Bei Aldi bleibt alles wie es ist Aldi Nord und Aldi Süd bleiben getrennte Discounter. Quelle dpa  Montage

Zunächst wollen die Discounter ihre "Sortimente und Abläufe" harmonisieren und synchronisieren. Sie befürchten einen noch größeren Preisdruck durch die weiter wachsende Marktmacht des führenden Lebensmittel-Discounters, der seit 1961 in Aldi Süd mit Sitz in Mülheim und Aldi Nord in Essen aufgeteilt ist. Hierzu prüfen die Unternehmen derzeit eine Zusammenlegung des Einkaufs und mehrerer anderer Bereiche. Immer wieder hört man, dass Aldi Süd deutlich besser sein soll als sein nordisches Pendat.

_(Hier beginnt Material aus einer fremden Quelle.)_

lemma approx_n_iff_approx_trn: "approx_n m M \<longleftrightarrow> approx m (trn M)"
  by (induction M arbitrary: m)
    (auto simp: approx_simps approx_n_Var_iff approx_n_Lam_iff approx_n_App_iff approx_n_ES_iff)

lemma lplug_Nil [simp]: "lplug [] V = V"
  and bplug_Nil [simp]: "bplug [] P = P"
  and rplug_Nil [simp]: "rplug [] p = p"
  by (simp_all add: lplug_def bplug_def rplug_def)

lemma lplug_snoc [simp]: "lplug (L @ [(y, Q)]) V = ES (lplug L V) y Q"
  and bplug_snoc [simp]: "bplug (L' @ [(y, Q')]) P = BES (bplug L' P) y Q'"
  and rplug_snoc [simp]: "rplug (l @ [(y, q)]) p = RES (rplug l p) y q"
  by (simp_all add: lplug_def bplug_def rplug_def)

lemma trv_lplug: "trv (lplug L V) = bplug (map (apsnd trv) L) (trv V)"
  by (induction L rule: rev_induct) auto

lemma unbang_bplug_BBang: "unbang (bplug L (BBang P)) = Some (L, P)"
  by (induction L rule: rev_induct) auto

lemma trv_value_eq_BBang: "is_value V \<Longrightarrow> \<exists>P. trv V = BBang P"
  by (cases V) auto

lemma lplug_value_of_unbang_trv:
  "unbang (trv M) = Some (L', P) \<Longrightarrow> \<exists>L V. is_value V \<and> M = lplug L V"
proof (induction M arbitrary: L')
  case (Var x)
  then show ?case by (intro exI[of _ "[]"] exI[of _ "Var x"]) auto
next
  case (Lam x M)
  then show ?case by (intro exI[of _ "[]"] exI[of _ "Lam x M"]) auto
next
  case (App M N)
  then show ?case by (auto split: option.splits)
next
  case (ES M x N)
  then obtain L0 where "unbang (trv M) = Some (L0, P)" by auto
  with ES.IH obtain L V where "is_value V" "M = lplug L V" by blast
  then show ?case by (intro exI[of _ "L @ [(x, N)]"] exI[of _ V]) auto
qed

lemma lplug_value_inject:
  "is_value V \<Longrightarrow> is_value V' \<Longrightarrow> lplug L V = lplug L' V' \<Longrightarrow> L = L' \<and> V = V'"
proof (induction L arbitrary: L' rule: rev_induct)
  case Nil
  then show ?case by (cases L' rule: rev_exhaust; cases V; auto)
next
  case (snoc a L)
  then show ?case by (cases L' rule: rev_exhaust; cases V'; cases a; auto)
qed

lemma size_lplug_le: "size V \<le> size (lplug L V)"
  by (induction L rule: rev_induct) auto

lemma size_lplug_less: "(y, Q) \<in> set L \<Longrightarrow> size Q < size (lplug L V)"
  by (induction L rule: rev_induct) (auto simp: less_SucI trans_less_add1)

lemma approx_bplug_iff:
  "approx m (bplug L P) \<longleftrightarrow>
    (\<exists>ps p. m = rplug (zip (map fst L) ps) p \<and> list_all2 approx ps (map snd L) \<and> approx p P)"
proof (induction L arbitrary: m rule: rev_induct)
  case Nil
  then show ?case by auto
next
  case (snoc a L)
  obtain y Q where a: "a = (y, Q)" by fastforce
  have "approx m (bplug (L @ [a]) P) \<longleftrightarrow>
      (\<exists>ps p n. m = RES (rplug (zip (map fst L) ps) p) y n \<and>
        list_all2 approx ps (map snd L) \<and> approx p P \<and> approx n Q)"
    by (auto simp: a approx_BES_iff snoc.IH)
  also have "\<dots> \<longleftrightarrow> (\<exists>ps p. m = rplug (zip (map fst (L @ [a])) ps) p \<and>
      list_all2 approx ps (map snd (L @ [a])) \<and> approx p P)"
  proof
    assume "\<exists>ps p n. m = RES (rplug (zip (map fst L) ps) p) y n \<and>
        list_all2 approx ps (map snd L) \<and> approx p P \<and> approx n Q"
    then obtain ps p n where m: "m = RES (rplug (zip (map fst L) ps) p) y n"
        and approx: "list_all2 approx ps (map snd L)" "approx p P" "approx n Q"
      by blast
    then have "m = rplug (zip (map fst (L @ [a])) (ps @ [n])) p"
      by (simp add: a list_all2_lengthD)
    moreover have "list_all2 approx (ps @ [n]) (map snd (L @ [a]))"
      using approx by (simp add: a list_all2_appendI)
    ultimately show "\<exists>ps p. m = rplug (zip (map fst (L @ [a])) ps) p \<and>
        list_all2 approx ps (map snd (L @ [a])) \<and> approx p P"
      using approx(2) by blast
  next
    assume "\<exists>ps p. m = rplug (zip (map fst (L @ [a])) ps) p \<and>
        list_all2 approx ps (map snd (L @ [a])) \<and> approx p P"
    then obtain ps n p where "m = rplug (zip (map fst (L @ [a])) (ps @ [n])) p"
        "list_all2 approx ps (map snd L)" "approx n Q" "approx p P"
      by (auto simp: a list_all2_append2 list_all2_Cons2)
    then show "\<exists>ps p n. m = RES (rplug (zip (map fst L) ps) p) y n \<and>
        list_all2 approx ps (map snd L) \<and> approx p P \<and> approx n Q"
      by (auto simp: a list_all2_lengthD)
  qed
  finally show ?case .
qed

lemma approx_v_App_lplug_value_iff:
  assumes "is_value V"
  shows "approx_v m (App (lplug L V) N) \<longleftrightarrow>
    (\<exists>ps p n. m = RApp (rplug (zip (map fst L) ps) p) n \<and>
      list_all2 approx_v ps (map snd L) \<and> approx_v (RBag {#p#}) V \<and> approx_v n N)"
proof
  assume "approx_v m (App (lplug L V) N)"
  then obtain ys ps Ps V' p n where m: "m = RApp (rplug (zip ys ps) p) n"
    and head: "lplug L V = lplug (zip ys Ps) V'" "is_value V'"
    and approx: "approx_v (RBag {#p#}) V'" "approx_v n N" "list_all2 approx_v ps Ps"
    and "length ys = length ps"
    using assms by (auto simp: approx_v_App_iff)
  then have "length Ps = length ys"
    by (simp add: list_all2_lengthD)
  moreover have "L = zip ys Ps" "V' = V"
    using lplug_value_inject[OF assms head(2) head(1)] by auto
  ultimately have "ys = map fst L" "Ps = map snd L" "V' = V"
    by auto
  with m approx show "\<exists>ps p n. m = RApp (rplug (zip (map fst L) ps) p) n \<and>
      list_all2 approx_v ps (map snd L) \<and> approx_v (RBag {#p#}) V \<and> approx_v n N"
    by blast
next
  assume "\<exists>ps p n. m = RApp (rplug (zip (map fst L) ps) p) n \<and>
      list_all2 approx_v ps (map snd L) \<and> approx_v (RBag {#p#}) V \<and> approx_v n N"
  then obtain ps p n where m: "m = RApp (rplug (zip (map fst L) ps) p) n"
    and approx: "list_all2 approx_v ps (map snd L)" "approx_v (RBag {#p#}) V" "approx_v n N"
    by blast
  have "length (map fst L) = length ps"
    using approx(1) by (simp add: list_all2_lengthD)
  with assms approx have "approx_v m (App (lplug (zip (map fst L) (map snd L)) V) N)"
    unfolding m by (intro approx_v.intros(4))
  then show "approx_v m (App (lplug L V) N)"
    by (simp add: zip_map_fst_snd)
qed

lemma approx_trv_App_lplug_value_iff:
  assumes "trv V = BBang P"
  shows "approx m (trv (App (lplug L V) N)) \<longleftrightarrow>
    (\<exists>ps p n. m = RApp (rplug (zip (map fst L) ps) p) n \<and>
      list_all2 approx ps (map (trv \<circ> snd) L) \<and> approx p P \<and> approx n (trv N))"
proof -
  have "trv (App (lplug L V) N) = BApp (bplug (map (apsnd trv) L) P) (trv N)"
    by (simp add: trv_lplug assms unbang_bplug_BBang)
  then show ?thesis
    by (auto simp: approx_BApp_iff approx_bplug_iff)
qed

lemma approx_v_iff_approx_trv: "approx_v m M \<longleftrightarrow> approx m (trv M)"
proof (induction M arbitrary: m rule: measure_induct_rule[of size])
  case (less M)
  show ?case
  proof (cases M)
    case (Var x)
    then show ?thesis by (auto simp: approx_simps approx_v_Var_iff)
  next
    case (Lam x B)
    then show ?thesis using less.IH[of B] by (auto simp: approx_simps approx_v_Lam_iff)
  next
    case (ES B x N)
    then show ?thesis using less.IH[of B] less.IH[of N] by (auto simp: approx_simps approx_v_ES_iff)
  next
    case (App M' N)
    have IH_N: "approx_v n N \<longleftrightarrow> approx n (trv N)" for n
      using less.IH App by simp
    show ?thesis
    proof (cases "\<exists>L V. is_value V \<and> M' = lplug L V")
      case True
      then obtain L V where V: "is_value V" and M': "M' = lplug L V" by blast
      obtain P where P: "trv V = BBang P" using trv_value_eq_BBang[OF V] by blast
      have IH_V: "approx_v (RBag {#p#}) V \<longleftrightarrow> approx p P" for p
        using less.IH[of V] size_lplug_le[of V L] App M' P by (simp add: approx_BBang_iff)
      have IH_L: "approx_v q Q \<longleftrightarrow> approx q (trv Q)" if "Q \<in> snd ` set L" for q Q
        using that less.IH size_lplug_less[of _ Q L V] App M' by force
      have "list_all2 approx_v ps (map snd L) \<longleftrightarrow> list_all2 approx ps (map (trv \<circ> snd) L)"
        for ps
        using IH_L by (auto simp: list_all2_conv_all_nth)
      with IH_V IH_N show ?thesis
        unfolding App M' approx_v_App_lplug_value_iff[OF V] approx_trv_App_lplug_value_iff[OF P]
        by blast
    next
      case False
      then have "unbang (trv M') = None"
        using lplug_value_of_unbang_trv by (cases "unbang (trv M')") fastforce+
      then have "trv M = BApp (BDer (trv M')) (trv N)"
        using App by simp
      moreover have "approx_v a M' \<longleftrightarrow> approx a (trv M')" for a
        using less.IH App by simp
      ultimately show ?thesis
        using App False IH_N by (auto simp: approx_v_App_iff approx_simps)
    qed
  qed
qed

theorem mainTheorem9:
  shows "(\<forall>M. Tn M = T (trn M)) \<and> (\<forall>M. Tv M = T (trv M))"
  by (auto simp: Tn_def Tv_def T_def approx_n_iff_approx_trn approx_v_iff_approx_trv)

end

In einem weiteren Schritt sollen sämtliche Leistungen im Einkauf sowie den Dienstleistungsabteilungen (Qualitätswesen, Corporate Responsibility, Werbung, Logistik, u a.) nur noch einmal erbracht werden, um strukturelle und personelle Dopplungen zu vermeiden und die Unternehmen effizienter zu machen. Bei Aldi Süd gibt es erst seit 2003 Zigaretten im Angebot.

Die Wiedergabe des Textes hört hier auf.